Solution 1:

The basic idea is that you have two numbers to make up a primary key- a "high" number and a "low" number. A client can basically increment the "high" sequence, knowing that it can then safely generate keys from the entire range of the previous "high" value with the variety of "low" values.

For instance, supposing you have a "high" sequence with a current value of 35, and the "low" number is in the range 0-1023. Then the client can increment the sequence to 36 (for other clients to be able to generate keys while it's using 35) and know that keys 35/0, 35/1, 35/2, 35/3... 35/1023 are all available.

It can be very useful (particularly with ORMs) to be able to set the primary keys on the client side, instead of inserting values without primary keys and then fetching them back onto the client. Aside from anything else, it means you can easily make parent/child relationships and have the keys all in place before you do any inserts, which makes batching them simpler.

Solution 2:

In addition to Jon's answer:

It is used to be able to work disconnected. A client can then ask the server for a hi number and create objects increasing the lo number itself. It does not need to contact the server until the lo range is used up.

Solution 3:

The hi/lo algorithm splits the sequences domain into hi groups. A hi value is assigned synchronously. Every hi group is given a maximum number of lo entries, that can be assigned off-line without worrying about concurrent duplicate entries.

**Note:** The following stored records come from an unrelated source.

theorem theorem6p3:
  fixes f :: "'n::finite vec \<Rightarrow> real" and gradf :: "'n vec \<Rightarrow> 'n vec"
    and h :: "'n vec \<Rightarrow> ereal"
    and \<psi> :: "'n vec \<Rightarrow> 'n vec \<Rightarrow> ereal"
    and Bf :: "'n vec \<Rightarrow> 'n mat"
    and \<theta>\<^sub>1 \<theta>\<^sub>2 \<eta>\<^sub>1 \<eta>\<^sub>2 \<gamma>\<^sub>1 \<gamma>\<^sub>2 \<gamma>\<^sub>3 :: real
    and x s st scp :: "nat \<Rightarrow> 'n vec" and B :: "nat \<Rightarrow> 'n mat"
    and \<sigma> \<nu> :: "nat \<Rightarrow> real" and \<rho> :: "nat \<Rightarrow> ereal"
  (* setting *)
  assumes f_grad: "\<And>y. GDERIV f y :> gradf y"
    and gradf_cont: "continuous_on UNIV gradf"
    and h_proper: "proper_fun h" and h_lsc: "lsc_fun h"
    and Bf_sym: "\<And>y. symmetric_mat (Bf y)"
  (* (MA1) *)
    and MA1: "\<And>y. proper_fun (\<psi> y) \<and> lsc_fun (\<psi> y) \<and> prox_bounded (\<psi> y) \<and>
                  \<psi> y 0 = h y \<and> limiting_subdiff (\<psi> y) 0 = limiting_subdiff h y"
  (* (MA2) *)
    and MA2: "\<exists>lam::ereal. lam > 0 \<and> (\<forall>y. prox_threshold (\<psi> y) \<ge> lam)"
  (* (MA5) *)
    and MA5: "\<exists>\<kappa>m>0. \<forall>k. \<bar>(ereal (f (x k + s k)) + h (x k + s k))
                   - (ereal (phi_model f gradf (B k) (x k) (s k)) + \<psi> (x k) (s k))\<bar>
                 \<le> ereal (\<kappa>m * (1 + mnorm (B k)) * (norm (s k))\<^sup>2)"
  (* (MA6) *)
    and MA6: "\<exists>\<mu>>0. \<exists>p. 0 \<le> p \<and> p \<le> 1 \<and>
                (\<forall>k. mnorm (B k) \<le> \<mu> * (1 + card_pow (card {i. \<rho> i \<ge> ereal \<eta>\<^sub>1 \<and> i \<le> k}) p))"
  (* constants of Algorithm R2N *)
    and params: "0 < \<theta>\<^sub>1" "\<theta>\<^sub>1 < 1" "1 < \<theta>\<^sub>2" "0 < \<eta>\<^sub>1" "\<eta>\<^sub>1 \<le> \<eta>\<^sub>2" "\<eta>\<^sub>2 < 1"
               "0 < \<gamma>\<^sub>3" "\<gamma>\<^sub>3 \<le> 1" "1 < \<gamma>\<^sub>1" "\<gamma>\<^sub>1 \<le> \<gamma>\<^sub>2"
    and init: "h (x 0) < \<infinity>" "\<sigma> 0 > 0"
  (* iterations of Algorithm R2N *)
    and B_def: "\<And>k. B k = Bf (x k)"
    and nu_def: "\<And>k. \<nu> k = \<theta>\<^sub>1 / (mnorm (B k) + \<sigma> k)"
    and scp_def: "\<And>k. scp k \<in> argmin_set (m_cp f gradf \<psi> (x k) (\<nu> k))"
    and st_def: "\<And>k. m_model f gradf (B k) \<psi> (x k) (\<sigma> k) (st k)
                      \<le> m_model f gradf (B k) \<psi> (x k) (\<sigma> k) (scp k)"
    and s_def: "\<And>k. s k = (if norm (st k) > \<theta>\<^sub>2 * norm (scp k) then scp k else st k)"
    and rho_def: "\<And>k. \<rho> k = rho_ratio f gradf h (B k) \<psi> (x k) (s k)"
    and x_next: "\<And>k. x (Suc k) = (if \<rho> k \<ge> ereal \<eta>\<^sub>1 then x k + s k else x k)"
    and sigma_vs: "\<And>k. \<rho> k \<ge> ereal \<eta>\<^sub>2 \<Longrightarrow> \<gamma>\<^sub>3 * \<sigma> k \<le> \<sigma> (Suc k) \<and> \<sigma> (Suc k) \<le> \<sigma> k"
    and sigma_s: "\<And>k. ereal \<eta>\<^sub>1 \<le> \<rho> k \<Longrightarrow> \<rho> k < ereal \<eta>\<^sub>2 \<Longrightarrow>
                      \<sigma> k \<le> \<sigma> (Suc k) \<and> \<sigma> (Suc k) \<le> \<gamma>\<^sub>1 * \<sigma> k"
    and sigma_u: "\<And>k. \<rho> k < ereal \<eta>\<^sub>1 \<Longrightarrow>
                      \<gamma>\<^sub>1 * \<sigma> k \<le> \<sigma> (Suc k) \<and> \<sigma> (Suc k) \<le> \<gamma>\<^sub>2 * \<sigma> k"
  (* finitely many successful iterations *)
    and fin: "finite {k. \<rho> k \<ge> ereal \<eta>\<^sub>1}"
  shows "\<exists>xs. (\<exists>N. \<forall>k\<ge>N. x k = xs) \<and> - gradf xs \<in> limiting_subdiff h xs"
proof -
  obtain N where unsucc: "\<And>k. N \<le> k \<Longrightarrow> \<not> \<rho> k \<ge> ereal \<eta>\<^sub>1"
    and x_const: "\<And>k. N \<le> k \<Longrightarrow> x k = x N"
    using iterates_eventually_constant[OF fin x_next] by blast
  define xs where "xs = x N"
  have sigma_pos: "0 < \<sigma> k" for k
    by (rule regularization_pos[where \<rho> = \<rho> and \<eta>\<^sub>1 = \<eta>\<^sub>1 and \<eta>\<^sub>2 = \<eta>\<^sub>2 and \<gamma>\<^sub>3 = \<gamma>\<^sub>3 and \<gamma>\<^sub>1 = \<gamma>\<^sub>1])
      (use init params sigma_vs sigma_s sigma_u in simp_all)
  obtain \<kappa> where "0 < \<kappa>" and accuracy: "\<And>k. \<bar>(ereal (f (x k + s k)) + h (x k + s k))
      - (ereal (phi_model f gradf (B k) (x k) (s k)) + \<psi> (x k) (s k))\<bar>
      \<le> ereal (\<kappa> * (1 + mnorm (B k)) * (norm (s k))\<^sup>2)"
    using MA5 by blast
  have h_not_minf: "h y \<noteq> -\<infinity>" and psi_not_minf: "\<psi> y t \<noteq> -\<infinity>" for y t
    using h_proper MA1[of y] unfolding proper_fun_def by blast+
  have psi_zero: "\<psi> y 0 = h y" for y using MA1 by blast
  have h_finite: "\<bar>h (x k)\<bar> \<noteq> \<infinity>" for k
    by (rule iterate_value_finite[OF init(1) h_not_minf psi_not_minf accuracy x_next])
  have "\<gamma>\<^sub>1 * \<sigma> k \<le> \<sigma> (Suc k)" if "N \<le> k" for k
    using sigma_u unsucc[OF that] by (simp add: not_le)
  then obtain k where "N \<le> k"
    and sigma_large: "2 * \<theta>\<^sub>1 * \<kappa> * \<theta>\<^sub>2\<^sup>2 * (1 + mnorm (Bf xs)) / ((1 - \<eta>\<^sub>1) * (1 - \<theta>\<^sub>1)) < \<sigma> k"
    using geometric_growth_unbounded[of \<gamma>\<^sub>1 \<sigma> N] params(9) sigma_pos[of N] by blast
  then have xk: "x k = xs" using x_const unfolding xs_def by blast
  then have Bk: "B k = Bf xs" using B_def by simp
  have "scp k = 0"
  proof (rule ccontr)
    assume nonzero: "scp k \<noteq> 0"
    have cauchy: "scp k \<in> argmin_set (m_cp f gradf \<psi> (x k) (\<theta>\<^sub>1 / (mnorm (B k) + \<sigma> k)))"
      using scp_def[of k] nu_def[of k] by simp
    have "0 < (1 - \<eta>\<^sub>1) * (1 - \<theta>\<^sub>1)" using params by simp
    then have large: "2 * \<theta>\<^sub>1 * \<kappa> * \<theta>\<^sub>2\<^sup>2 * (1 + mnorm (B k)) < \<sigma> k * (1 - \<eta>\<^sub>1) * (1 - \<theta>\<^sub>1)"
      using sigma_large Bk by (simp add: divide_less_eq mult.assoc)
    have "ereal \<eta>\<^sub>1 \<le> \<rho> k"
      unfolding rho_def
      using step_successful_if_sigma_large[OF sigma_pos params(1,2) _ _ h_finite psi_zero
            psi_not_minf h_not_minf cauchy st_def s_def _ accuracy nonzero large]
        params \<open>0 < \<kappa>\<close> by force
    then show False using unsucc[OF \<open>N \<le> k\<close>] by simp
  qed
  then have argmin: "0 \<in> argmin_set (m_cp f gradf \<psi> xs (\<nu> k))" using scp_def[of k] xk by simp
  have nu: "0 < \<nu> k" using nu_def[of k] params sigma_pos[of k] mnorm_nonneg[of "B k"] by simp
  have "- gradf xs \<in> limiting_subdiff h xs"
    by (rule stationary_of_zero_cauchy_point[OF nu argmin]) (use h_finite[of k] MA1[of xs] xk in auto)
  then show ?thesis using x_const xs_def by blast
qed

end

  1. The hi token is assigned by the database, and two concurrent calls are guaranteed to see unique consecutive values

  2. Once a hi token is retrieved we only need the incrementSize (the number of lo entries)

  3. The identifiers range is given by the following formula:

     [(hi -1) * incrementSize) + 1, (hi * incrementSize) + 1)
    

    and the “lo” value will be in the range:

     [0, incrementSize)
    

    being applied from the start value of:

     [(hi -1) * incrementSize) + 1)
    
  4. When all lo values are used, a new hi value is fetched and the cycle continues

And this visual presentation is easy to follow as well:

enter image description here

While hi/lo optimizer is fine for optimizing identifier generation, it doesn't play well with other systems inserting rows into our database, without knowing anything about our identifier strategy.

Hibernate offers the pooled-lo optimizer, which offers the advantages of the hi/lo generator strategy while also providing interoperability with other 3rd-party clients that are not aware of this sequence allocation strategy.

Being both efficient and interoperable with other systems, the pooled-lo optimizer is a much better candidate than the legacy hi/lo identifier strategy.